A group of abuse survivors, lawyers and care professionals wrote an open letter to the Home Secretary calling for Michael Mansfield QC to be selected to lead the inquiry.

Mr Mansfield, who is retired from the Bar, is renowned for his work on cases from the Birmingham Six appeals to the Stephen Lawrence inquiry. He also represented Mohammed al Fayed at the inquest into the death of his son and Diana, Princess of Wales.

The letter states: “The chair of this inquiry will need fearlessness, to be prepared to challenge the authorities and to ask and get answers to very difficult questions. This is a role that can only be undertaken by someone clearly seen as outside the establishment.”

The authors include John Hemming MP, Peter Saunders, the head of the National Association for People Abused in Childhood, former athlete and abuse victim Kris Akabusi and Mark Williams Thomas, the journalist who uncovered the Jimmy Savile scandal.

In the letter, they also called for the scope of the inquiry to be widened and said the current proposal would merely be a review which would not take evidence from victims of abuse. There is, however, concern that a broader public inquiry could jeopardise ongoing criminal investigations.

Police forces are currently engaged in 21 investigations into historic abuse allegations featuring prominent individuals or institutions.

Mrs May had originally appointed the retired judge Baroness Butler Sloss to lead the inquiry but her credibility was called into question because of her establishment links and after The Times revealed allegations that she had withheld the name of a Church of England bishop from a previous report because she “cared for the Church”.

The children’s charity Barnardo’s has also urged the Home Secretary to appoint a chairman for the inquiry as a matter of urgency.

Dear Theresa May

Re the proposed government inquiry into organised child abuse

As Butler-Sloss stated, the proposed government inquiry into organised child abuse needs to have the confidence of care and abuse survivors. It is for this reason that the view of many survivors and leading specialists in the area of child protection is that the most suitable candidate to chair the announced ‘Child Abuse Inquiry’ is Michael Mansfield QC.

The chair of this inquiry will need fearlessness, to be prepared to challenge the authorities and to ask and get answers to very difficult questions. This is a role that can only be undertaken by someone clearly seen as outside the establishment.

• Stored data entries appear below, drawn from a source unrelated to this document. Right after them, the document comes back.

lemma alpha_mult_le_pair_sum_kern:
  fixes x :: "nat \<Rightarrow> real^3"
  assumes N: "N \<ge> 2"
  shows "alpha N s * (ennreal (real N - 1) * (\<Sum>k<N. ennreal (pw s (norm (x k)))))
       \<le> (\<Sum>k<N. \<Sum>j<k. 2 * kern s (x j) (x k))"
proof (cases "inj_on x {..<N}")
  case True
  define num where "num = (\<Sum>k<N. \<Sum>j<k. (norm (x j) powr s + norm (x k) powr s) / norm (x j - x k))"
  define den where "den = (real N - 1) * (\<Sum>k<N. pw s (norm (x k)))"
  have "den > 0"
    using N sum_pw_pos[OF True N] by (simp add: den_def)
  have "num \<ge> 0"
    by (simp add: num_def sum_nonneg)
  have "ennreal (real N - 1) * (\<Sum>k<N. ennreal (pw s (norm (x k)))) = ennreal den"
    using N by (simp add: den_def sum_ennreal pw_nonneg ennreal_mult sum_nonneg)
  moreover have "alpha N s \<le> ennreal (num / den)"
    unfolding alpha_def num_def den_def using True by (intro INF_lower) auto
  then have "alpha N s * ennreal den \<le> ennreal (num / den) * ennreal den"
    by (rule mult_right_mono) simp
  moreover have "ennreal (num / den) * ennreal den = ennreal num"
    using \<open>den > 0\<close> \<open>num \<ge> 0\<close> by (simp add: ennreal_mult[symmetric])
  ultimately show ?thesis
    using pair_sum_kern_eq_ennreal[OF True] by (simp add: num_def)
next
  case False
  then show ?thesis
    by (simp add: pair_sum_kern_eq_top)
qed

lemma I_s_neq_zero:
  assumes "prob_space M" "sets M = sets borel"
  shows "I_s s M \<noteq> 0"
proof
  assume "I_s s M = 0"
  then have "AE z in M \<Otimes>\<^sub>M M. kern s (fst z) (snd z) = 0"
    unfolding I_s_def by (simp add: nn_integral_0_iff_AE kern_measurable[OF assms(2)])
  then have "AE z in M \<Otimes>\<^sub>M M. False"
    by (simp add: kern_neq_zero)
  then show False
    using prob_space.AE_False[OF prob_space_pair[OF assms(1) assms(1)]] by simp
qed

lemma alpha_mult_nn_integral_pw_le_I_s:
  assumes N: "N \<ge> 2" and M: "prob_space M" "sets M = sets borel"
  shows "alpha N s * (\<integral>\<^sup>+ x. ennreal (pw s (norm x)) \<partial>M) \<le> I_s s M"
proof -
  let ?Q = "Pi\<^sub>M {..<N} (\<lambda>_. M)"
  let ?P = "\<integral>\<^sup>+ x. ennreal (pw s (norm x)) \<partial>M"
  let ?c = "of_nat (N * (N - 1)) :: ennreal"
  have pw_meas: "(\<lambda>x. ennreal (pw s (norm x))) \<in> borel_measurable M"
    using M(2) unfolding pw_def by measurable
  have kern2_meas: "(\<lambda>z. 2 * kern s (fst z) (snd z)) \<in> borel_measurable (M \<Otimes>\<^sub>M M)"
    using kern_measurable[OF M(2)] by measurable
  have gauss: "2 * (\<Sum>k<N. k) = N * (N - 1)"
    by (induct N) (auto simp: algebra_simps)
  have "?c * (alpha N s * ?P) = alpha N s * (ennreal (real N - 1) * (of_nat N * ?P))"
    using N by (simp add: ennreal_of_nat_eq_real_of_nat of_nat_diff ennreal_mult' mult_ac)
  also have "\<dots> = (\<integral>\<^sup>+ \<omega>. alpha N s * (ennreal (real N - 1) * (\<Sum>k<N. ennreal (pw s (norm (\<omega> k))))) \<partial>?Q)"
    using pw_meas nn_integral_PiM_sum_components[OF M(1) _ pw_meas, of "{..<N}"]
    by (simp add: nn_integral_cmult borel_measurable_sum)
  also have "\<dots> \<le> (\<integral>\<^sup>+ \<omega>. (\<Sum>k<N. \<Sum>j<k. 2 * kern s (\<omega> j) (\<omega> k)) \<partial>?Q)"
    by (intro nn_integral_mono alpha_mult_le_pair_sum_kern N)
  also have "\<dots> = of_nat (\<Sum>k<N. k) * (2 * I_s s M)"
    using nn_integral_PiM_sum_pairs[OF M(1) kern2_meas, of N] kern_measurable[OF M(2)]
    by (simp add: I_s_def nn_integral_cmult)
  also have "\<dots> = of_nat (2 * (\<Sum>k<N. k)) * I_s s M"
    by (simp only: of_nat_mult of_nat_numeral mult_ac)
  also have "\<dots> = ?c * I_s s M"
    by (simp only: gauss)
  finally have "?c * (alpha N s * ?P) \<le> ?c * I_s s M" .
  moreover have "?c \<noteq> 0"
    using N by simp
  ultimately show ?thesis
    by (metis ennreal_mult_le_mult_iff ennreal_of_nat_neq_top)
qed

lemma alpha_le_I_s_ratio:
  assumes N: "N \<ge> 2" and M: "M \<in> D_s s"
  shows "alpha N s \<le> I_s s M / (\<integral>\<^sup>+ x. ennreal (pw s (norm x)) \<partial>M)"
proof -
  let ?P = "\<integral>\<^sup>+ x. ennreal (pw s (norm x)) \<partial>M"
  have M': "prob_space M" "sets M = sets borel" and "?P < \<infinity>"
    using M by (auto simp: D_s_def)
  show ?thesis
  proof (cases "?P = 0")
    case True
    \<comment> \<open>In \<open>ennreal\<close>, \<open>a / 0 = \<top>\<close> for \<open>a \<noteq> 0\<close>.\<close>
    then show ?thesis
      using I_s_neq_zero[OF M'] by (simp add: divide_ennreal_def ennreal_mult_top)
  next
    case False
    have "alpha N s = alpha N s * ?P / ?P"
      using False \<open>?P < \<infinity>\<close> by (simp add: ennreal_mult_divide_eq)
    also have "\<dots> \<le> I_s s M / ?P"
      by (intro divide_right_mono_ennreal alpha_mult_nn_integral_pw_le_I_s N M')
    finally show ?thesis .
  qed
qed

Mr Mansfield has shown with his work on the Stephen Lawrence inquiry and the current Hillsborough inquiry that he has the respect of survivors and professionals to undertake this inquiry.

In addition to the need to have the correct chair – it is very disappointing that the proposed Terms of Reference (TOR), as set out by the Home Secretary, will, unless revised, render the Child Abuse Inquiry that she has announced almost worthless.

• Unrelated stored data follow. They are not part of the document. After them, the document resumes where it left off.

lemma wins_cong_off_cluster:
  assumes "\<forall>k v. k \<noteq> Conj c \<longrightarrow> ((k, v) \<in> M' \<longleftrightarrow> (k, v) \<in> M)" "Conj c \<notin> clusters C"
  shows "wins I M' C = wins I M C"
proof (rule wins_cong_clusters)
  fix k v
  assume "k \<in> clusters C"
  then have "k \<noteq> Conj c" using assms(2) by auto
  then show "(k, v) \<in> M' \<longleftrightarrow> (k, v) \<in> M" using assms(1) by blast
qed

lemma wins_fill_transfer:
  assumes agree: "\<forall>k v. k \<noteq> Conj c \<longrightarrow> ((k, v) \<in> M' \<longleftrightarrow> (k, v) \<in> M)"
    and fresh: "Conj c \<notin> clusters (fill X Q)"
    and root: "wins I M' P \<Longrightarrow> wins I M Q"
  shows "wins I M' (fill X P) \<Longrightarrow> wins I M (fill X Q)"
  using fresh
proof (induction X)
  case (COrL X B)
  then show ?case using wins_cong_off_cluster[OF agree, of B] by auto
next
  case (COrR B X)
  then show ?case using wins_cong_off_cluster[OF agree, of B] by auto
next
  case (CAndL X B)
  then show ?case using wins_cong_off_cluster[OF agree, of B] by auto
next
  case (CAndR B X)
  then show ?case using wins_cong_off_cluster[OF agree, of B] by auto
next
  case (CCandL d X B)
  then show ?case using wins_cong_off_cluster[OF agree, of B] agree by (auto split: if_splits)
next
  case (CCandR d B X)
  then show ?case using wins_cong_off_cluster[OF agree, of B] agree by (auto split: if_splits)
next
  case (CCorL d X B)
  then show ?case using wins_cong_off_cluster[OF agree, of B] agree by auto
next
  case (CCorR d B X)
  then show ?case using wins_cong_off_cluster[OF agree, of B] agree by auto
qed (use root in simp)

lemma wins_Cand_And_right:
  "(\<exists>v. (Conj a, v) \<in> M) \<Longrightarrow> wins I M (Cand a (And A Q) (And B Q)) \<longleftrightarrow> wins I M (Cand a A B) \<and> wins I M Q"
  by (auto split: if_splits) (metis (full_types))

lemma wins_Cand_And_left:
  "(\<exists>v. (Conj b, v) \<in> M) \<Longrightarrow> wins I M (Cand b (And P E) (And P F)) \<longleftrightarrow> wins I M P \<and> wins I M (Cand b E F)"
  by (auto split: if_splits) (metis (full_types))

lemma wins_quadrilemma_back:
  assumes sim: "quad_simulates a b c M M'"
    and fresh: "Conj c \<notin> clusters (And (Cand a A B) (Cand b E F))"
    and w: "wins I M' (Cand c (Cand a (And A (Cand b E F)) (And B (Cand b E F)))
                               (Cand b (And (Cand a A B) E) (And (Cand a A B) F)))"
  shows "wins I M (And (Cand a A B) (Cand b E F))"
proof -
  have agree: "\<forall>k v. k \<noteq> Conj c \<longrightarrow> ((k, v) \<in> M' \<longleftrightarrow> (k, v) \<in> M)"
    using sim by (simp add: quad_simulates_def)
  have same: "wins I M' (Cand a A B) = wins I M (Cand a A B)"
    "wins I M' (Cand b E F) = wins I M (Cand b E F)"
    by (rule wins_cong_off_cluster[OF agree], use fresh in simp)+
  have moved: "(\<exists>v. (Conj a, v) \<in> M') \<longleftrightarrow> (\<exists>v. (Conj a, v) \<in> M)"
    "(\<exists>v. (Conj b, v) \<in> M') \<longleftrightarrow> (\<exists>v. (Conj b, v) \<in> M)"
    using agree fresh by auto
  consider (left) "(Conj c, False) \<in> M'" | (right) "(Conj c, False) \<notin> M'" "(Conj c, True) \<in> M'"
    | (unresolved) "\<forall>w. (Conj c, w) \<notin> M'"
    by (metis (full_types))
  then show ?thesis
  proof cases
    case left
    then have "\<exists>v. (Conj a, v) \<in> M'"
      using sim moved unfolding quad_simulates_def by blast
    moreover have "wins I M' (Cand a (And A (Cand b E F)) (And B (Cand b E F)))"
      using w left by (simp only: wins.simps(8) if_True)
    ultimately show ?thesis
      using same wins_Cand_And_right by (metis wins.simps(6))
  next
    case right
    then have "\<exists>v. (Conj b, v) \<in> M'"
      using sim moved unfolding quad_simulates_def by blast
    moreover have "wins I M' (Cand b (And (Cand a A B) E) (And (Cand a A B) F))"
      using w right by (simp only: wins.simps(8) if_True if_False)
    ultimately show ?thesis
      using same wins_Cand_And_left by (metis wins.simps(6))
  next
    case unresolved
    then have "\<forall>v. (Conj a, v) \<notin> M \<and> (Conj b, v) \<notin> M"
      using sim unfolding quad_simulates_def by blast
    then show ?thesis
      by simp
  qed
qed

The Home Secretary has proposed an inquiry that will pull together previous reviews to produce a ‘Lessons learnt’ report – taking no evidence from individual victims.

This needs to be urgently reviewed and the TOR for this Inquiry must focus on the following three elements: 1) To hear evidence from survivors of organised abuse, which would finally give them a voice and allow them to be heard and believed 2) Set up a dedicated police team at the National Crime Agency to take evidence alongside the inquiry to investigate and prosecute offenders 3) To hold those that have failed in their professional duty or covered up allegations or been obstructive to account.

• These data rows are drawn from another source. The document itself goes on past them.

(* Let $G$ be a graph with no induced $P_7$, $C_4$, $C_6$ or $C_7$, let $H=(B_1,\dots,B_5)$ be a maximal nice blowup of $C_5$ in $G$, and let $i\in\{1,\dots,5\}$. If $xy$ is an edge with $x,y\in A_3(i)$, then $N_{B_i}(x)=N_{B_i}(y)$.
   Context: Indices modulo $5$. A nice blowup of $C_5$ is a tuple $(B_1,\dots,B_5)$ of pairwise disjoint cliques such that every vertex of $B_j$ has a neighbor in $B_{j-1}$ and in $B_{j+1}$, $B_j$ is anticomplete to $B_{j+2}$, and there are no $a\in B_j$, distinct $b,c\in B_{j+1}$, $d\in B_{j+2}$ with $G[\{a,b,c,d\}]\cong P_4$; $V(H)=\bigcup B_j$; maximal means no nice blowup has vertex set strictly containing $V(H)$. For $v\notin V(H)$, $\operatorname{supp}(v)$ is the set of $j$ such that $v$ has a neighbor in $B_j$; $A_3(i)=\{v\notin V(H):\operatorname{supp}(v)=\{i-1,i,i+1\}\}$; $N_S(v)$ is the set of neighbors of $v$ in $S$. *)

theory Defs
  imports Main
begin

definition graph :: "'a set \<Rightarrow> ('a \<Rightarrow> 'a \<Rightarrow> bool) \<Rightarrow> bool" where
  "graph V E \<longleftrightarrow> finite V \<and> (\<forall>x y. E x y \<longrightarrow> x \<in> V \<and> y \<in> V)
     \<and> (\<forall>x y. E x y \<longrightarrow> E y x) \<and> (\<forall>x. \<not> E x x)"

definition path_adj :: "nat \<Rightarrow> nat \<Rightarrow> bool" where
  "path_adj i j \<longleftrightarrow> i = j + 1 \<or> j = i + 1"

definition cycle_adj :: "nat \<Rightarrow> nat \<Rightarrow> nat \<Rightarrow> bool" where
  "cycle_adj k i j \<longleftrightarrow> j = (i + 1) mod k \<or> i = (j + 1) mod k"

Having Mr Mansfield and revised Terms of Reference is the only way to secure justice for survivors and protection of our children.

Yours faithfully

Peter Saunders, CEO NAPAC (National Association for People Abused in Childhood)

Nze K.D. Akabusi MBE, QMSI ret , Executive Director The Akabusi Company

David Akinsanya, TV Producer

Mark Williams Thomas, TV Presenter, Criminologist & Child Protection Expert

Phil Frampton, Founding Chair, Care Leavers Association

Ann Davis, Emeritus Professor of Social Work and Mental Health, University of Birmingham

Dr Liz Davies, Reader in Child Protection, London Metropolitan University

John Cooper QC

Roger Kline, Research Fellow, Middlesex University Business School

Les Huckfield MP for Nuneaton 1967-83. MEP for Merseyside East 1984-89

John Hemming MP

Paul Gosling, Author: Abuse of Trust

Tracey Emmott, Director (Solicitor) Emmott Snell Solicitors

Dr Sarah Nelson, Child Abuse Researcher and Campaigner

Dr Philippa White, Director, Tuart Place

Caroline Carnot, Author & Founding Executive Care Leavers Association

Bobby Martin: Community & Gang Intervention Advisor

Will McMahon Deputy Director, Centre for Crime and Justice Studies

Anne Peake, CPsychol., FBPsS

Dr Kenneth McIntyre, CPsychol, AFBPsS

Chris Walker, Educational Psychologist PSI-UK

Dr Paul Redgrave, Director of Public Health, Barnsley 2004-09

Dr Valerie Sinason, Clinic for Dissociative Studies

Glenys Ingham, Headteacher

Di Roome, Retired Headteacher

Ken Jones, Education Leadership Consultant

Ed Nixon, Chief Executive, Family Care Associates

Brian Douieb, Former Leaving Care Social Work Manager

Peter McKelvie, Former Child Protection Team Manager

John Leech MP

et al


IMPORTANT: Please contact Theresa May if you want Michael Mansfield QC to chair the inquiry.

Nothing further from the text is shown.